Note: Question edited to simplify the data.
I have a few datasets combined in a dataframe, which I want to eliminate outliers from. When trying different ways to calculate upper and lower thresholds I came upon discrepacies between the results of ggplot-boxplots and manual calculation. I would like to (1) understand the discrepancies and (2) find a convenient way to eliminate outliers from multiple similar datasets via dplyr.

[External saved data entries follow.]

(* Let $G=(V,E)$ be a simple directed graph and $f\ge 0$ an integer. Then: (a) $G$ satisfies Condition CCS if and only if $G$ satisfies the 1-reach condition; (b) $G$ satisfies Condition CCA if and only if $G$ satisfies the 2-reach condition; (c) $G$ satisfies Condition BCS if and only if $G$ satisfies the 3-reach condition.
   Context: For $Y\subseteq V$, $G_Y$ is the subgraph induced by $Y$ and $\overline{X}=V\setminus X$. For node $v$ and $F\subseteq V\setminus\{v\}$, $reach_v(F)=\{u\in\overline{F}: u\text{ has a directed path to }v\text{ in }G_{\overline{F}}\}$. For disjoint non-empty $A,B\subseteq V$, a node $w\notin B$ is an incoming neighbor of $B$ if $(w,b)\in E$ for some $b\in B$; write $A\Rightarrow_x B$ if $A$ contains at least $x$ distinct incoming neighbors of $B$, and $A\not\Rightarrow_x B$ for its negation. Condition CCS: for any partition $F,L,C,R$ of $V$ with $L,R$ non-empty and $|F|\le f$, $L\cup C\Rightarrow_1 R$ or $R\cup C\Rightarrow_1 L$. Condition CCA: for any partition $L,C,R$ of $V$ with $L,R$ non-empty, $L\cup C\Rightarrow_{f+1} R$ or $R\cup C\Rightarrow_{f+1} L$. Condition BCS: for any partition $F,L,C,R$ of $V$ with $L,R$ non-empty and $|F|\le f$, $L\cup C\Rightarrow_{f+1} R$ or $R\cup C\Rightarrow_{f+1} L$. 1-reach: for any $F\subset V$ with $|F|\le f$ and any $u,v\in\overline{F}$, $reach_u(F)\cap reach_v(F)\neq\emptyset$. 2-reach: for any $u,v\in V$ and any $F_u,F_v\subseteq V$ with $|F_u|,|F_v|\le f$, $u\notin F_u$, $v\notin F_v$, $reach_v(F_v)\cap reach_u(F_u)\neq\emptyset$. 3-reach: for any $u,v\in V$ and any $F,F_u,F_v\subseteq V$ with $|F|,|F_u|,|F_v|\le f$, $u\notin F\cup F_u$, $v\notin F\cup F_v$, $reach_v(F\cup F_v)\cap reach_u(F\cup F_u)\neq\emptyset$. *)

theory Defs
  imports Main
begin

definition simple_digraph :: "'a set \<Rightarrow> ('a \<times> 'a) set \<Rightarrow> bool" where
  "simple_digraph V E \<longleftrightarrow> finite V \<and> E \<subseteq> V \<times> V \<and> (\<forall>v. (v, v) \<notin> E)"

definition induced_edges :: "('a \<times> 'a) set \<Rightarrow> 'a set \<Rightarrow> ('a \<times> 'a) set" where
  "induced_edges E Y = E \<inter> (Y \<times> Y)"

definition reach :: "'a set \<Rightarrow> ('a \<times> 'a) set \<Rightarrow> 'a set \<Rightarrow> 'a \<Rightarrow> 'a set" where
  "reach V E F v = {u \<in> V - F. (u, v) \<in> (induced_edges E (V - F))\<^sup>*}"

definition in_nbrs :: "('a \<times> 'a) set \<Rightarrow> 'a set \<Rightarrow> 'a set" where
  "in_nbrs E B = {w. w \<notin> B \<and> (\<exists>b\<in>B. (w, b) \<in> E)}"

definition arrow :: "('a \<times> 'a) set \<Rightarrow> 'a set \<Rightarrow> nat \<Rightarrow> 'a set \<Rightarrow> bool" where
  "arrow E A x B \<longleftrightarrow> x \<le> card (A \<inter> in_nbrs E B)"

definition partition3 :: "'a set \<Rightarrow> 'a set \<Rightarrow> 'a set \<Rightarrow> 'a set \<Rightarrow> bool" where
  "partition3 V L C R \<longleftrightarrow> L \<union> C \<union> R = V \<and> L \<inter> C = {} \<and> L \<inter> R = {} \<and> C \<inter> R = {}"

definition partition4 :: "'a set \<Rightarrow> 'a set \<Rightarrow> 'a set \<Rightarrow> 'a set \<Rightarrow> 'a set \<Rightarrow> bool" where
  "partition4 V F L C R \<longleftrightarrow> F \<union> L \<union> C \<union> R = V \<and> F \<inter> L = {} \<and> F \<inter> C = {} \<and>
     F \<inter> R = {} \<and> L \<inter> C = {} \<and> L \<inter> R = {} \<and> C \<inter> R = {}"

definition CCS :: "'a set \<Rightarrow> ('a \<times> 'a) set \<Rightarrow> nat \<Rightarrow> bool" where
  "CCS V E f \<longleftrightarrow> (\<forall>F L C R. partition4 V F L C R \<and> L \<noteq> {} \<and> R \<noteq> {} \<and> card F \<le> f \<longrightarrow>
      arrow E (L \<union> C) 1 R \<or> arrow E (R \<union> C) 1 L)"

definition CCA :: "'a set \<Rightarrow> ('a \<times> 'a) set \<Rightarrow> nat \<Rightarrow> bool" where
  "CCA V E f \<longleftrightarrow> (\<forall>L C R. partition3 V L C R \<and> L \<noteq> {} \<and> R \<noteq> {} \<longrightarrow>
      arrow E (L \<union> C) (f + 1) R \<or> arrow E (R \<union> C) (f + 1) L)"

definition BCS :: "'a set \<Rightarrow> ('a \<times> 'a) set \<Rightarrow> nat \<Rightarrow> bool" where
  "BCS V E f \<longleftrightarrow> (\<forall>F L C R. partition4 V F L C R \<and> L \<noteq> {} \<and> R \<noteq> {} \<and> card F \<le> f \<longrightarrow>
      arrow E (L \<union> C) (f + 1) R \<or> arrow E (R \<union> C) (f + 1) L)"

definition reach1 :: "'a set \<Rightarrow> ('a \<times> 'a) set \<Rightarrow> nat \<Rightarrow> bool" where
  "reach1 V E f \<longleftrightarrow> (\<forall>F u v. F \<subset> V \<and> card F \<le> f \<and> u \<in> V - F \<and> v \<in> V - F \<longrightarrow>
      reach V E F u \<inter> reach V E F v \<noteq> {})"

definition reach2 :: "'a set \<Rightarrow> ('a \<times> 'a) set \<Rightarrow> nat \<Rightarrow> bool" where
  "reach2 V E f \<longleftrightarrow> (\<forall>u v Fu Fv. u \<in> V \<and> v \<in> V \<and> Fu \<subseteq> V \<and> Fv \<subseteq> V \<and>
      card Fu \<le> f \<and> card Fv \<le> f \<and> u \<notin> Fu \<and> v \<notin> Fv \<longrightarrow>
      reach V E Fv v \<inter> reach V E Fu u \<noteq> {})"

definition reach3 :: "'a set \<Rightarrow> ('a \<times> 'a) set \<Rightarrow> nat \<Rightarrow> bool" where
  "reach3 V E f \<longleftrightarrow> (\<forall>u v F Fu Fv. u \<in> V \<and> v \<in> V \<and> F \<subseteq> V \<and> Fu \<subseteq> V \<and> Fv \<subseteq> V \<and>
      card F \<le> f \<and> card Fu \<le> f \<and> card Fv \<le> f \<and> u \<notin> F \<union> Fu \<and> v \<notin> F \<union> Fv \<longrightarrow>
      reach V E (F \<union> Fv) v \<inter> reach V E (F \<union> Fu) u \<noteq> {})"

end

theory Submission
  imports Defs
begin

text \<open>All three equivalences are instances of one statement with two parameters: removing a
  common set F of at most a nodes, every cut should have at least k+1 incoming neighbours on
  one side, versus: for additional individual sets Fu, Fv of at most k nodes the reach sets
  of u and v meet (CCS: a = f, k = 0; CCA: a = 0, k = f; BCS: a = k = f).
  Since reach_v(F) is the least set containing v that is closed under incoming edges from
  outside F, disjoint reach sets form the two sides of a cut whose incoming neighbours on
  either side lie in Fu resp. Fv; conversely, for a cut violating the condition, taking Fu
  and Fv to be the incoming neighbours of the two sides confines each reach set to its
  own side.\<close>

definition cut_condition :: "'a set \<Rightarrow> ('a \<times> 'a) set \<Rightarrow> nat \<Rightarrow> nat \<Rightarrow> bool" where
  "cut_condition V E a k \<longleftrightarrow> (\<forall>F L C R. partition4 V F L C R \<and> L \<noteq> {} \<and> R \<noteq> {} \<and> card F \<le> a \<longrightarrow>
      arrow E (L \<union> C) (k + 1) R \<or> arrow E (R \<union> C) (k + 1) L)"

definition reach_condition :: "'a set \<Rightarrow> ('a \<times> 'a) set \<Rightarrow> nat \<Rightarrow> nat \<Rightarrow> bool" where
  "reach_condition V E a k \<longleftrightarrow> (\<forall>u v F Fu Fv. u \<in> V \<and> v \<in> V \<and> F \<subseteq> V \<and> Fu \<subseteq> V \<and> Fv \<subseteq> V \<and>
      card F \<le> a \<and> card Fu \<le> k \<and> card Fv \<le> k \<and> u \<notin> F \<union> Fu \<and> v \<notin> F \<union> Fv \<longrightarrow>
      reach V E (F \<union> Fv) v \<inter> reach V E (F \<union> Fu) u \<noteq> {})"

lemma reach_subset_Diff: "reach V E F v \<subseteq> V - F"
  by (auto simp: reach_def)

lemma self_in_reach: "v \<in> V - F \<Longrightarrow> v \<in> reach V E F v"
  by (auto simp: reach_def)

lemma reach_subset_if_in_nbrs_subset:
  assumes "v \<in> X" and "in_nbrs E X \<inter> V \<subseteq> F"
  shows "reach V E F v \<subseteq> X"
proof
  fix u assume "u \<in> reach V E F v"
  hence "(u, v) \<in> (induced_edges E (V - F))\<^sup>*" by (simp add: reach_def)
  thus "u \<in> X"
  proof (induction rule: converse_rtrancl_induct)
    case base
    show ?case using assms(1) .
  next
    case (step y z)
    hence "y \<in> V - F" "(y, z) \<in> E" by (auto simp: induced_edges_def)
    with step.IH assms(2) show ?case by (auto simp: in_nbrs_def)
  qed
qed

lemma in_nbrs_reach_subset:
  assumes "E \<subseteq> V \<times> V"
  shows "in_nbrs E (reach V E F v) \<subseteq> F"
proof
  fix w assume "w \<in> in_nbrs E (reach V E F v)"
  then obtain r where r: "r \<in> reach V E F v" "(w, r) \<in> E" and w: "w \<notin> reach V E F v"
    by (auto simp: in_nbrs_def)
  show "w \<in> F"
  proof (rule ccontr)
    assume "w \<notin> F"
    with r assms have "(w, r) \<in> induced_edges E (V - F)"
      using reach_subset_Diff by (fastforce simp: induced_edges_def)
    moreover have "(r, v) \<in> (induced_edges E (V - F))\<^sup>*" using r by (simp add: reach_def)
    ultimately have "(w, v) \<in> (induced_edges E (V - F))\<^sup>*"
      by (rule converse_rtrancl_into_rtrancl)
    with \<open>w \<notin> F\<close> r(2) assms have "w \<in> reach V E F v" by (auto simp: reach_def)
    with w show False ..
  qed
qed

lemma card_in_nbrs_reach_le:
  assumes "E \<subseteq> V \<times> V" and "finite G" and "A \<inter> F = {}"
  shows "card (A \<inter> in_nbrs E (reach V E (F \<union> G) v)) \<le> card G"
proof (rule card_mono[OF \<open>finite G\<close>])
  show "A \<inter> in_nbrs E (reach V E (F \<union> G) v) \<subseteq> G"
    using in_nbrs_reach_subset[OF assms(1), of "F \<union> G" v] assms(3) by blast
qed

lemma partition4_swap: "partition4 V F L C R \<Longrightarrow> partition4 V F R C L"
  by (auto simp: partition4_def)

lemma reach_subset_side:
  assumes "partition4 V F L C R" and "v \<in> R"
  shows "reach V E (F \<union> (L \<union> C) \<inter> in_nbrs E R) v \<subseteq> R"
proof (rule reach_subset_if_in_nbrs_subset[OF \<open>v \<in> R\<close>])
  show "in_nbrs E R \<inter> V \<subseteq> F \<union> (L \<union> C) \<inter> in_nbrs E R"
    using assms(1) by (auto simp: partition4_def in_nbrs_def)
qed

lemma cut_condition_imp_reach_condition:
  assumes "finite V" and "E \<subseteq> V \<times> V" and cut: "cut_condition V E a k"
  shows "reach_condition V E a k"
  unfolding reach_condition_def
proof (intro allI impI notI)
  fix u v F Fu Fv
  assume h: "u \<in> V \<and> v \<in> V \<and> F \<subseteq> V \<and> Fu \<subseteq> V \<and> Fv \<subseteq> V \<and> card F \<le> a \<and>
      card Fu \<le> k \<and> card Fv \<le> k \<and> u \<notin> F \<union> Fu \<and> v \<notin> F \<union> Fv"
    and disj: "reach V E (F \<union> Fv) v \<inter> reach V E (F \<union> Fu) u = {}"
  define L where "L = reach V E (F \<union> Fu) u"
  define R where "R = reach V E (F \<union> Fv) v"
  define C where "C = V - F - L - R"
  have "L \<subseteq> V - (F \<union> Fu)" "R \<subseteq> V - (F \<union> Fv)"
    unfolding L_def R_def by (rule reach_subset_Diff)+
  with disj h have "partition4 V F L C R"
    unfolding partition4_def L_def R_def C_def by auto
  moreover have "L \<noteq> {}" "R \<noteq> {}"
    using h self_in_reach[of u V "F \<union> Fu" E] self_in_reach[of v V "F \<union> Fv" E]
    by (auto simp: L_def R_def)
  ultimately have "arrow E (L \<union> C) (k + 1) R \<or> arrow E (R \<union> C) (k + 1) L"
    using cut h unfolding cut_condition_def by blast
  moreover have "card ((L \<union> C) \<inter> in_nbrs E R) \<le> card Fv" "card ((R \<union> C) \<inter> in_nbrs E L) \<le> card Fu"
  proof -
    have "finite Fu" "finite Fv"
      using h assms(1) finite_subset by auto
    moreover have "(L \<union> C) \<inter> F = {}" "(R \<union> C) \<inter> F = {}"
      using \<open>L \<subseteq> _\<close> \<open>R \<subseteq> _\<close> by (auto simp: C_def)
    ultimately show "card ((L \<union> C) \<inter> in_nbrs E R) \<le> card Fv" "card ((R \<union> C) \<inter> in_nbrs E L) \<le> card Fu"
      using card_in_nbrs_reach_le[OF assms(2), of Fv "L \<union> C" F v, folded R_def]
        card_in_nbrs_reach_le[OF assms(2), of Fu "R \<union> C" F u, folded L_def] by blast+
  qed
  ultimately show False
    using h by (auto simp: arrow_def)
qed

lemma reach_condition_imp_cut_condition:
  assumes reach: "reach_condition V E a k"
  shows "cut_condition V E a k"
  unfolding cut_condition_def
proof (intro allI impI)
  fix F L C R
  assume h: "partition4 V F L C R \<and> L \<noteq> {} \<and> R \<noteq> {} \<and> card F \<le> a"
  show "arrow E (L \<union> C) (k + 1) R \<or> arrow E (R \<union> C) (k + 1) L"
  proof (rule ccontr)
    assume "\<not> ?thesis"
    then have small: "card ((L \<union> C) \<inter> in_nbrs E R) \<le> k" "card ((R \<union> C) \<inter> in_nbrs E L) \<le> k"
      by (auto simp: arrow_def)
    obtain u v where "u \<in> L" "v \<in> R" using h by auto
    define Fu where "Fu = (R \<union> C) \<inter> in_nbrs E L"
    define Fv where "Fv = (L \<union> C) \<inter> in_nbrs E R"
    have "reach V E (F \<union> Fv) v \<subseteq> R" "reach V E (F \<union> Fu) u \<subseteq> L"
      unfolding Fu_def Fv_def
      using reach_subset_side[of V F L C R v E] reach_subset_side[of V F R C L u E]
        partition4_swap h \<open>u \<in> L\<close> \<open>v \<in> R\<close> by blast+
    moreover have "reach V E (F \<union> Fv) v \<inter> reach V E (F \<union> Fu) u \<noteq> {}"
    proof -
      have "u \<in> V" "v \<in> V" "F \<subseteq> V" "Fu \<subseteq> V" "Fv \<subseteq> V" "u \<notin> F \<union> Fu" "v \<notin> F \<union> Fv"
        using h \<open>u \<in> L\<close> \<open>v \<in> R\<close> by (auto simp: partition4_def in_nbrs_def Fu_def Fv_def)
      then show ?thesis
        using reach h small unfolding reach_condition_def Fu_def Fv_def by blast
    qed
    ultimately show False
      using h by (auto simp: partition4_def)
  qed
qed

lemma CCS_iff_cut_condition: "CCS V E f \<longleftrightarrow> cut_condition V E f 0"
  by (simp add: CCS_def cut_condition_def)

lemma BCS_iff_cut_condition: "BCS V E f \<longleftrightarrow> cut_condition V E f f"
  by (simp add: BCS_def cut_condition_def)

lemma card_le_0_iff_empty: "finite V \<Longrightarrow> G \<subseteq> V \<Longrightarrow> card G \<le> 0 \<longleftrightarrow> G = {}"
  using finite_subset by fastforce

lemma CCA_iff_cut_condition:
  assumes "finite V"
  shows "CCA V E f \<longleftrightarrow> cut_condition V E 0 f"
proof -
  have "partition4 V F L C R \<and> card F \<le> 0 \<longleftrightarrow> F = {} \<and> partition3 V L C R" for F L C R :: "'a set"
    using card_le_0_iff_empty[OF assms, of F]
    by (auto simp: partition3_def partition4_def)
  then show ?thesis
    unfolding CCA_def cut_condition_def by blast
qed

lemma reach1_iff_reach_condition:
  assumes "finite V"
  shows "reach1 V E f \<longleftrightarrow> reach_condition V E f 0"
  using card_le_0_iff_empty[OF assms] unfolding reach1_def reach_condition_def
  by (intro iffI)
    (metis DiffI antisym_conv2 sup_bot_right, metis DiffD1 DiffD2 bot.extremum nless_le sup.order_iff)

lemma reach2_iff_reach_condition:
  assumes "finite V"
  shows "reach2 V E f \<longleftrightarrow> reach_condition V E 0 f"
  using card_le_0_iff_empty[OF assms] unfolding reach2_def reach_condition_def
  by (intro iffI) (metis Un_commute sup_bot_right, metis Un_empty_left empty_subsetI)

lemma reach3_iff_reach_condition: "reach3 V E f \<longleftrightarrow> reach_condition V E f f"
  by (simp add: reach3_def reach_condition_def)

theorem theoremA8:
  fixes V :: "'a set" and E :: "('a \<times> 'a) set" and f :: nat
  assumes "simple_digraph V E"
  shows "(CCS V E f \<longleftrightarrow> reach1 V E f) \<and> (CCA V E f \<longleftrightarrow> reach2 V E f) \<and>
         (BCS V E f \<longleftrightarrow> reach3 V E f)"
proof -
  have fin: "finite V" and EV: "E \<subseteq> V \<times> V"
    using assms by (auto simp: simple_digraph_def)
  have equiv: "cut_condition V E a k \<longleftrightarrow> reach_condition V E a k" for a k
    using cut_condition_imp_reach_condition[OF fin EV] reach_condition_imp_cut_condition by blast
  show ?thesis
    using equiv CCS_iff_cut_condition BCS_iff_cut_condition CCA_iff_cut_condition[OF fin]
      reach1_iff_reach_condition[OF fin] reach2_iff_reach_condition[OF fin] reach3_iff_reach_condition
    by blast
qed

end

Example data (taken from the boxplot.stats help page):
library(tidyverse)
require(stats)
x <- c(1:100, 1000)
(b1 <- boxplot.stats(x))
This returns ymin = 1 and max = 100 and 1000 as an obvious outlier.
My initial approach can be reproduced with this data, too... to have it complete, here is my original dataset too (however discussion is based on the simpler one).
# small dataset
values_A30 <- c(0.2079762,0.2605029,0.3054334,0.304067,0.8696487,0.3470931,0.2560001,0.3096838,0.2887556,0.3741472,0.2178375,0.2234682,0.2628923,0.2745458,0.5438208,0.7068278,0.6492924,1.100175,0.2740491,0.2849299,0.7562737,0.3009749,0.2598575,0.3460925,0.3265929,0.4208336,0.4353992,1.132036,0.3856708,0.1978752,0.3676808,0.4196799,0.4486595,0.3282394,0.3725664,0.385373,0.3680049,0.7875058,0.8098903,0.741165,1.260887,0.3521471,0.3883195,1.17124,0.3225514,0.3492051)
bpdata <- data.frame(Var1 = "A", SSW = 30, Value = values_A30)
Usually I start up with ggplot boxplots to get a visual impression.
# test plot
ggplot(as.data.frame(x),
aes(x = NA, y = x)) +
geom_boxplot()
#extract stats
gg_stats <- ggplot_build(
ggplot(as.data.frame(x),
aes(x = NA, y = x)) +
geom_boxplot()
)$data[[1]] |>
select(1:9)
# manual stats
man_stats <- as.data.frame(x) |>
summarise(
Qu1 = quantile(x, 0.25),
Qu3 = quantile(x, 0.75),
IQR = IQR(x)
) |>
mutate(ymin = Qu1 - (1.5 * IQR),
ymax = Qu3 + (1.5 * IQR))
Both, boxplot.stats and ggplot_build, lead to the same results. The manual calculation, however, leads to different results, ymin = -49 and ymax = 151. The values for the quartiles and IQR are correct and the rest of the calculation seems not to be too complicated, so: What am I doing wrong?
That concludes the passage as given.